** PROMPT **
The lines from the start of the records below through the line containing "each run taking" are to be copied exactly, both ends included, with nothing added.

** SUPPLIED DATA **
<<<<

(* Let $n,m\ge1$ and $x_1,\dots,x_m,y_1,\dots,y_m,z\in\mathbb{N}^{2n}$ with $x_i\le z$ and $y_i\le z$ for all $i$. Then there exist natural numbers $1\le a_1\le b_1\le a_2\le b_2\le\dots\le a_n\le b_n\le m+1$ such that for $I=\bigcup_{i=1}^n\{a_i,a_i+1,\dots,b_i-1\}$, \[-2nz+\frac12\sum_{i=1}^m(x_i+y_i)\;\le\;\sum_{i\in I}x_i+\sum_{i\in\{1,\dots,m\}\setminus I}y_i\;\le\;2nz+\frac12\sum_{i=1}^m(x_i+y_i).\]
   Context: For vectors $u,v\in\mathbb{R}^{2n}$, $u\le v$ means $u_j\le v_j$ for every component $j$. $\{a,\dots,b-1\}$ is empty if $b=a$. *)

theory Defs
  imports Complex_Main
begin

end

theory Submission
  imports Defs "HOL-Analysis.Analysis" "HOL-Combinatorics.Transposition"
begin

text \<open>A point \<open>g\<close> of the integer cube \<open>[-M, M]\<^sup>d\<close>, \<open>d = 2n\<close>, is read as a division of the beads
  \<open>1, \<dots>, m\<close> into \<open>d\<close> consecutive runs of lengths roughly proportional to \<open>\<bar>g 0\<bar>, \<dots>, \<bar>g (d - 1)\<bar>\<close>,
  each run taking the sign of its coordinate; the negative beads among the runs \<open>2i - 2\<close> and \<open>2i - 1\<close>
  form the \<open>i\<close>-th interval. If some division is balanced, i.e. in every coordinate \<open>j\<close> the signed sum
  \<open>\<Sum>\<^sub>b \<plusminus>(x b j - y b j)\<close> is at most \<open>4n z j\<close> in absolute value, its intervals prove the theorem.
  Otherwise label \<open>g\<close> by \<open>\<plusminus>(j + 1)\<close>, where \<open>j\<close> is the first unbalanced coordinate and the sign is that
  of its signed sum. This labelling is antipodal on the boundary of the cube, so Tucker's lemma gives two
  neighbouring grid points with complementary labels, whose signed sums in coordinate \<open>j\<close> differ by more
  than \<open>8n z j\<close>. But a unit move of \<open>g\<close> flips only beads at the \<open>2d\<close> cut points of the two divisions,
  hence changes each signed sum by at most \<open>8n z j\<close>.

  Tucker's lemma for the cubical grid is proved combinatorially, after Freund and Todd: on the Kuhn
  triangulation of each orthant, the simplices fully labelled by the labels of the orthant are linked by
  doors, and counting doors shows that, without complementary edges, the number of such simplices is
  odd in every dimension, whereas in the top dimension there are none.\<close>

section \<open>Kuhn simplices on a set of coordinates\<close>

lemma ksimplex_permute:
  assumes "ksimplex p n s" "bij \<pi>" "\<pi> ` {..<n} = {..<n}"
  shows "ksimplex p n ((\<lambda>y. y \<circ> \<pi>) ` s)"
  using assms(1)
proof cases
  case (ksimplex base upd)
  then interpret kuhn_simplex p n base upd s .
  have \<pi>_lt: "\<pi> i < n \<longleftrightarrow> i < n" for i
    using assms(2,3) by (metis bij_is_inj image_eqI inj_image_mem_iff lessThan_iff)
  have "bij_betw \<pi> {..<n} {..<n}"
    using assms(2,3) by (metis bij_betw_subset subset_UNIV)
  then have inv_\<pi>: "bij_betw (inv \<pi>) {..<n} {..<n}"
    using assms(2) by (metis bij_betw_inv_into bij_is_inj inv_into_image_cancel assms(3) subset_UNIV
        bij_betw_imp_surj_on bij_betw_inv_into_subset)
  show ?thesis
  proof (intro ksimplex.intros, unfold_locales)
    show "base \<circ> \<pi> \<in> {..<n} \<rightarrow> {..<p}" using base \<pi>_lt by auto
    show "n \<le> i \<Longrightarrow> (base \<circ> \<pi>) i = p" for i using base_out \<pi>_lt by (simp add: not_less[symmetric])
    show "bij_betw (inv \<pi> \<circ> upd) {..<n} {..<n}" using upd inv_\<pi> bij_betw_trans by blast
    have "(j \<in> (\<lambda>x. inv \<pi> (upd x)) ` A) = (\<pi> j \<in> upd ` A)" for j A
      using assms(2) by (auto simp: bij_def image_iff) (metis assms(2) bij_inv_eq_iff)+
    then show "(\<lambda>y. y \<circ> \<pi>) ` s = (\<lambda>i j. if j \<in> (inv \<pi> \<circ> upd) ` {..<i}
        then Suc ((base \<circ> \<pi>) j) else (base \<circ> \<pi>) j) ` {..n}"
      unfolding s_pre image_image by (intro image_cong refl) (simp add: fun_eq_iff)
  qed
qed
(* Let $A \in \mathbb{R}^{m \times n}$ and $b \in \mathbb{R}^m$ be such that $\mathcal{P} = \{x \in \mathbb{R}^n : Ax \geq b\}$ is a polytope. Then the vertex-edge graph $G_\mathrm{vert}$ of $\mathcal{P}$ is the image of the lex-graph $G_\mathrm{lex}$ by the map $\phi : I \mapsto \pi(X^I)$, where $\pi$ sends a matrix in $\mathbb{R}^{n \times (1+m)}$ to its first column.
   Context: Let $\tilde b := [\,b \;\; -\mathrm{Id}_m\,] \in \mathbb{R}^{m \times (1+m)}$. For row vectors $\alpha,\beta \in \mathbb{R}^{1+m}$, $\alpha \leq_{\mathrm{lex}} \beta$ means $\alpha = \beta$ or $\alpha_k < \beta_k$ at the first index $k$ where they differ; for matrices with $1+m$ columns, $X \geq_{\mathrm{lex}} Y$ means $X_i \geq_{\mathrm{lex}} Y_i$ for every row $i$. For $I \subset [m]$, $A_I$, $\tilde b_I$ are the submatrices of rows indexed by $I$. A lex-feasible basis is a set $I \subset [m]$ with $\#I = n$, $A_I$ nonsingular, and $X^I := A_I^{-1}\tilde b_I$ satisfying $A X^I \geq_{\mathrm{lex}} \tilde b$. The lex-graph $G_\mathrm{lex}$ has the lex-feasible bases as vertices, with an edge between $I$ and $I'$ iff $\#(I \cap I') = n-1$. A face of $\mathcal{P}$ is a nonempty set of minimizers over $\mathcal{P}$ of some linear function $x \mapsto \langle c, x\rangle$; vertices and edges are faces of dimension 0 and 1; two vertices $v,w$ are adjacent if the segment $[v,w]$ is an edge. $G_\mathrm{vert}$ is the graph on the vertices of $\mathcal{P}$ with this adjacency. The image of a graph $(V,E)$ by $f$ is the graph with vertex set $f(V)$ and edges $\{(f(v),f(w)) : (v,w) \in E,\ f(v) \neq f(w)\}$. *)

theory Defs
  imports "Jordan_Normal_Form.Determinant" "Jordan_Normal_Form.DL_Submatrix"
begin

(* Column indices of matrices with 1+m columns are 0..m (0 = first column). *)

definition btilde :: "nat \<Rightarrow> real vec \<Rightarrow> real mat" where
  "btilde m b = mat m (1 + m) (\<lambda>(i,k). if k = 0 then b $ i else if k = i + 1 then -1 else 0)"

definition lex_le :: "real vec \<Rightarrow> real vec \<Rightarrow> bool" where
  "lex_le \<alpha> \<beta> \<longleftrightarrow> \<alpha> = \<beta> \<or>
     (\<exists>k < dim_vec \<alpha>. (\<forall>j<k. \<alpha> $ j = \<beta> $ j) \<and> \<alpha> $ k < \<beta> $ k)"

definition mat_lex_ge :: "real mat \<Rightarrow> real mat \<Rightarrow> bool" where
  "mat_lex_ge X Y \<longleftrightarrow> (\<forall>i < dim_row X. lex_le (row Y i) (row X i))"

(* X^I := A_I^{-1} btilde_I *)
definition XI :: "real mat \<Rightarrow> real vec \<Rightarrow> nat set \<Rightarrow> real mat" where
  "XI A b I = (THE X. X \<in> carrier_mat (dim_col A) (1 + dim_row A) \<and>
       submatrix A I UNIV * X = submatrix (btilde (dim_row A) b) I UNIV)"

definition lex_feasible_basis :: "real mat \<Rightarrow> real vec \<Rightarrow> nat set \<Rightarrow> bool" where
  "lex_feasible_basis A b I \<longleftrightarrow> I \<subseteq> {..<dim_row A} \<and> card I = dim_col A \<and>
     det (submatrix A I UNIV) \<noteq> 0 \<and>
     mat_lex_ge (A * XI A b I) (btilde (dim_row A) b)"

definition G_lex :: "real mat \<Rightarrow> real vec \<Rightarrow> nat set set \<times> (nat set \<times> nat set) set" where
  "G_lex A b = ({I. lex_feasible_basis A b I},
     {(I, I'). lex_feasible_basis A b I \<and> lex_feasible_basis A b I' \<and> card (I \<inter> I') = dim_col A - 1})"
lemma entropy_snd_indexed:
  "P.entropy (\<lambda>x. (snd x, G (snd x) (fst x))) =
     - (\<Sum>b\<in>\<Omega>2. p2 b * ln (p2 b)) + (\<Sum>b\<in>\<Omega>2. p2 b * D1.entropy (G b))"
proof -
  have law_indexed:
    "P.law (\<lambda>x. (snd x, G (snd x) (fst x))) (b, G b a) = p2 b * D1.law (G b) (G b a)"
    if "a \<in> \<Omega>1" "b \<in> \<Omega>2" for a b
  proof -
    have "{x \<in> \<Omega>1 \<times> \<Omega>2. (snd x, G (snd x) (fst x)) = (b, G b a)} =
        (\<lambda>a'. (a', b)) ` {a' \<in> \<Omega>1. G b a' = G b a}"
      using that by auto
    then show ?thesis
      unfolding P.law_def D1.law_def prod_p_def
      by (simp add: sum.reindex inj_on_def sum_distrib_left mult.commute)
  qed
  have term_eq: "prod_p (a, b) * ln (P.law (\<lambda>x. (snd x, G (snd x) (fst x))) (b, G b a)) =
      p2 b * (p1 a * ln (p2 b)) + p2 b * (p1 a * ln (D1.law (G b) (G b a)))"
    if a: "a \<in> \<Omega>1" and b: "b \<in> \<Omega>2" for a b
  proof (cases "p1 a = 0 \<or> p2 b = 0")
    case False
    then have "0 < p1 a" "0 < p2 b"
      using D1.p_nonneg[OF a] D2.p_nonneg[OF b] by auto
    then show ?thesis
      using law_indexed[OF a b] D1.law_pos[OF a, of "G b"]
      by (simp add: prod_p_def ln_mult algebra_simps)
  qed (auto simp: prod_p_def)
  have "(\<Sum>x\<in>\<Omega>1 \<times> \<Omega>2.
        prod_p x * ln (P.law (\<lambda>x. (snd x, G (snd x) (fst x))) (snd x, G (snd x) (fst x)))) =
      (\<Sum>a\<in>\<Omega>1. \<Sum>b\<in>\<Omega>2. p2 b * (p1 a * ln (p2 b)) + p2 b * (p1 a * ln (D1.law (G b) (G b a))))"
    unfolding sum.cartesian_product' using term_eq by (intro sum.cong refl) auto
  also have "\<dots> = (\<Sum>b\<in>\<Omega>2. \<Sum>a\<in>\<Omega>1.
      p2 b * (p1 a * ln (p2 b)) + p2 b * (p1 a * ln (D1.law (G b) (G b a))))"
    by (rule sum.swap)
  also have "\<dots> = (\<Sum>b\<in>\<Omega>2. p2 b * ln (p2 b)) +
      (\<Sum>b\<in>\<Omega>2. p2 b * (\<Sum>a\<in>\<Omega>1. p1 a * ln (D1.law (G b) (G b a))))"
    by (simp add: sum.distrib sum_distrib_left[symmetric] D1.weighted_sum_const)
  finally show ?thesis
    unfolding P.entropy_def D1.entropy_def by (simp add: sum_negf)
qed

end


section \<open>Observations through an erasure channel\<close>

definition observed :: "nat set \<Rightarrow> (nat \<Rightarrow> 'x) \<Rightarrow> nat \<Rightarrow> 'x option" where
  "observed A x = (\<lambda>t. if t \<in> A then Some (x t) else None)"

lemma observed_eq_iff: "observed A x = observed A' x' \<longleftrightarrow> A = A' \<and> (\<forall>t\<in>A. x t = x' t)"
proof
  assume eq: "observed A x = observed A' x'"
  then have "A = A'"
    unfolding observed_def by (metis option.distinct(1) set_eqI)
  with eq show "A = A' \<and> (\<forall>t\<in>A. x t = x' t)"
    unfolding observed_def by (metis option.inject)
qed (auto simp: observed_def)

text \<open>The sample space is enlarged by the set \<open>A\<close> of unerased time slots, a random subset of \<open>T\<close>
  independent of everything else.\<close>

locale erasure_model = finite_dist_pair \<Omega> p "Pow T" "subset_weight q T"
  for \<Omega> :: "'a set" and p and T :: "nat set" and q
begin

lemma cond_entropy_observed:
  fixes X :: "'a \<Rightarrow> nat \<Rightarrow> 'x" and U :: "'a \<Rightarrow> 'u"
  shows "P.cond_entropy (\<lambda>x. observed (snd x) (X (fst x))) (\<lambda>x. U (fst x)) =
    - (\<Sum>A\<in>Pow T. subset_weight q T A * ln (subset_weight q T A)) +
    subset_exp q T (\<lambda>A. D1.cond_entropy (\<lambda>w. observed A (X w)) U)"
proof -
  \<comment> \<open>an observation reveals which slots were erased\<close>
  have "P.entropy (\<lambda>x. (observed (snd x) (X (fst x)), U (fst x))) =
      P.entropy (\<lambda>x. (snd x, observed (snd x) (X (fst x)), U (fst x)))"
    by (rule P.entropy_cong) (auto simp: observed_eq_iff)
  also have "\<dots> = - (\<Sum>A\<in>Pow T. subset_weight q T A * ln (subset_weight q T A)) +
      (\<Sum>A\<in>Pow T. subset_weight q T A * D1.entropy (\<lambda>w. (observed A (X w), U w)))"
    by (rule entropy_snd_indexed[where G = "\<lambda>A w. (observed A (X w), U w)"])
  finally have "P.entropy (\<lambda>x. (observed (snd x) (X (fst x)), U (fst x))) = \<dots>" .
  moreover have "subset_exp q T (\<lambda>A. D1.cond_entropy (\<lambda>w. observed A (X w)) U) =
      (\<Sum>A\<in>Pow T. subset_weight q T A * D1.entropy (\<lambda>w. (observed A (X w), U w))) - D1.entropy U"
    using subset_exp_diff[of q T "\<lambda>A. D1.entropy (\<lambda>w. (observed A (X w), U w))" "\<lambda>_. D1.entropy U"]
      subset_exp_const[OF D2.finite_space[simplified]]
    unfolding D1.cond_entropy_def subset_exp_def by simp
  ultimately show ?thesis
    unfolding P.cond_entropy_def entropy_fst by simp
qed

lemma prob_eq_subset_exp:
  "sum prod_p {x \<in> \<Omega> \<times> Pow T. E (fst x) (snd x)} =
    (\<Sum>w\<in>\<Omega>. p w * subset_exp q T (\<lambda>A. if E w A then 1 else 0))"
proof -
  have "sum prod_p {x \<in> \<Omega> \<times> Pow T. E (fst x) (snd x)} =
      (\<Sum>x\<in>\<Omega> \<times> Pow T. if E (fst x) (snd x) then prod_p x else 0)"
    using P.finite_space by (rule sum.inter_filter)
  also have "\<dots> = (\<Sum>w\<in>\<Omega>. \<Sum>A\<in>Pow T. p w * (subset_weight q T A * (if E w A then 1 else 0)))"
    unfolding sum.cartesian_product' by (intro sum.cong refl) (simp add: prod_p_def)
  finally show ?thesis
    unfolding subset_exp_def sum_distrib_left .
qed

lemma erasure_fano:
  fixes X :: "'a \<Rightarrow> nat \<Rightarrow> 'x" and W :: "'a \<Rightarrow> 'b" and U :: "'a \<Rightarrow> 'u" and U' :: "'a \<Rightarrow> 'v"
  assumes U': "\<And>w w'. w \<in> \<Omega> \<Longrightarrow> w' \<in> \<Omega> \<Longrightarrow> (W w' = W w \<and> U w' = U w) \<longleftrightarrow> U' w' = U' w"
  shows "D1.cond_entropy W U \<le>
     subset_exp q T (\<lambda>A. D1.cond_entropy (\<lambda>w. observed A (X w)) U) -
     subset_exp q T (\<lambda>A. D1.cond_entropy (\<lambda>w. observed A (X w)) U') + ln 2 +
     (\<Sum>w\<in>\<Omega>. p w * subset_exp q T (\<lambda>A. if W w \<noteq> \<psi> (observed A (X w)) (U w) then 1 else 0)) *
       ln (card (W ` \<Omega>))"
proof -
  define Y where "Y x = observed (snd x) (X (fst x))" for x :: "'a \<times> nat set"
  define W1 where "W1 x = W (fst x)" for x :: "'a \<times> nat set"
  define U1 where "U1 x = U (fst x)" for x :: "'a \<times> nat set"
  define U1' where "U1' x = U' (fst x)" for x :: "'a \<times> nat set"
  have "P.cond_entropy W1 U1 = D1.cond_entropy W U"
    unfolding P.cond_entropy_def D1.cond_entropy_def W1_def U1_def
    using entropy_fst[of "\<lambda>w. (W w, U w)"] entropy_fst[of U] by simp
  \<comment> \<open>\<open>H(W | U) = I(W; Y | U) + H(W | Y, U)\<close>, and \<open>(W, U)\<close> carries the same information as \<open>U'\<close>\<close>
  moreover have "P.cond_entropy W1 U1 =
      P.cond_entropy Y U1 - P.cond_entropy Y (\<lambda>x. (W1 x, U1 x)) +
      P.cond_entropy W1 (\<lambda>x. (Y x, U1 x))"
  proof -
    have "P.entropy (\<lambda>x. (W1 x, Y x, U1 x)) = P.entropy (\<lambda>x. (Y x, W1 x, U1 x))"
      by (rule P.entropy_cong) auto
    then show ?thesis
      unfolding P.cond_entropy_def by simp
  qed
  moreover have "P.cond_entropy Y (\<lambda>x. (W1 x, U1 x)) = P.cond_entropy Y U1'"
  proof (rule P.cond_entropy_cong)
    fix x x' assume "x \<in> \<Omega> \<times> Pow T" "x' \<in> \<Omega> \<times> Pow T"
    then have "(W1 x' = W1 x \<and> U1 x' = U1 x) \<longleftrightarrow> U1' x' = U1' x"
      unfolding W1_def U1_def U1'_def by (intro U') auto
    then show "(Y x' = Y x \<and> (W1 x', U1 x') = (W1 x, U1 x)) \<longleftrightarrow> (Y x' = Y x \<and> U1' x' = U1' x)"
      and "(W1 x', U1 x') = (W1 x, U1 x) \<longleftrightarrow> U1' x' = U1' x"
      by auto
  qed
  moreover have "P.cond_entropy W1 (\<lambda>x. (Y x, U1 x)) \<le> ln 2 +
      sum prod_p {x \<in> \<Omega> \<times> Pow T. W1 x \<noteq> \<psi> (Y x) (U1 x)} * ln (card (W1 ` (\<Omega> \<times> Pow T)))"
    using P.fano_inequality[of W1 "\<lambda>x. (Y x, U1 x)" "\<lambda>(y, u). \<psi> y u"] by simp
  moreover have "W1 ` (\<Omega> \<times> Pow T) = W ` \<Omega>"
    unfolding W1_def by force
  moreover have "sum prod_p {x \<in> \<Omega> \<times> Pow T. W1 x \<noteq> \<psi> (Y x) (U1 x)} =
      (\<Sum>w\<in>\<Omega>. p w * subset_exp q T (\<lambda>A. if W w \<noteq> \<psi> (observed A (X w)) (U w) then 1 else 0))"
    unfolding W1_def Y_def U1_def by (rule prob_eq_subset_exp)
  ultimately show ?thesis
    unfolding Y_def U1_def U1'_def cond_entropy_observed by simp
qed
(* Let $p,m,n\ge 1$ and $M>1$ be integers, let $N$ be the number of workers, and let $\mathbb{F}$ be a sufficiently large finite field. For fully private coded matrix multiplication (as described in the context) there exist linear coding schemes that achieve a recovery threshold of $2R(p,m,n)+1$.
   Context: Fully private coded matrix multiplication: given lists $\boldsymbol{A}=(A^{(1)},\dots,A^{(M)})$ with $A^{(\ell)}\in\mathbb{F}^{s\times t}$ and $\boldsymbol{B}=(B^{(1)},\dots,B^{(M)})$ with $B^{(\ell)}\in\mathbb{F}^{s\times r}$, and an index $D\in[M]$, the master wants ${A^{(D)}}^\intercal B^{(D)}$. Assume $p\mid s$, $m\mid t$, $n\mid r$; each $A^{(\ell)}$ is partitioned into a $p$-by-$m$ grid of equal-size blocks and each $B^{(\ell)}$ into a $p$-by-$n$ grid of equal-size blocks. There are $N$ workers. The master sends worker $i$ a (possibly random) query $Q_i$ depending on $D$; worker $i$ encodes $\boldsymbol{A}$ into $\tilde A_i\in\mathbb{F}^{\frac{s}{p}\times\frac{t}{m}}$ and $\boldsymbol{B}$ into $\tilde B_i\in\mathbb{F}^{\frac{s}{p}\times\frac{r}{n}}$, each a linear combination of the respective blocks with coefficients determined by $Q_i$, computes $\tilde A_i^\intercal\tilde B_i$ and returns it. The master decodes by linear combinations of the received results (coefficients may depend on $D$ and the queries). A scheme achieves recovery threshold $K$ if the master can recover ${A^{(D)}}^\intercal B^{(D)}$ from the results of any subset of $K$ workers. Privacy requirement: $I(D;Q_i,\boldsymbol{A},\boldsymbol{B})=0$ for every $i\in[N]$, where $\boldsymbol{A},\boldsymbol{B},D$ are uniformly random. $R(p,m,n)$ denotes the bilinear complexity (tensor rank of the matrix multiplication tensor) of multiplying an $m$-by-$p$ matrix by a $p$-by-$n$ matrix. *)

theory Defs
  imports "HOL-Algebra.Ring" "HOL-Probability.Probability_Mass_Function"
begin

>>>>

** FINISHED TASK **
(* Let $n,m\ge1$ and $x_1,\dots,x_m,y_1,\dots,y_m,z\in\mathbb{N}^{2n}$ with $x_i\le z$ and $y_i\le z$ for all $i$. Then there exist natural numbers $1\le a_1\le b_1\le a_2\le b_2\le\dots\le a_n\le b_n\le m+1$ such that for $I=\bigcup_{i=1}^n\{a_i,a_i+1,\dots,b_i-1\}$, \[-2nz+\frac12\sum_{i=1}^m(x_i+y_i)\;\le\;\sum_{i\in I}x_i+\sum_{i\in\{1,\dots,m\}\setminus I}y_i\;\le\;2nz+\frac12\sum_{i=1}^m(x_i+y_i).\]
   Context: For vectors $u,v\in\mathbb{R}^{2n}$, $u\le v$ means $u_j\le v_j$ for every component $j$. $\{a,\dots,b-1\}$ is empty if $b=a$. *)

theory Defs
  imports Complex_Main
begin

end

theory Submission
  imports Defs "HOL-Analysis.Analysis" "HOL-Combinatorics.Transposition"
begin

text \<open>A point \<open>g\<close> of the integer cube \<open>[-M, M]\<^sup>d\<close>, \<open>d = 2n\<close>, is read as a division of the beads
  \<open>1, \<dots>, m\<close> into \<open>d\<close> consecutive runs of lengths roughly proportional to \<open>\<bar>g 0\<bar>, \<dots>, \<bar>g (d - 1)\<bar>\<close>,
  each run taking the sign of its coordinate; the negative beads among the runs \<open>2i - 2\<close> and \<open>2i - 1\<close>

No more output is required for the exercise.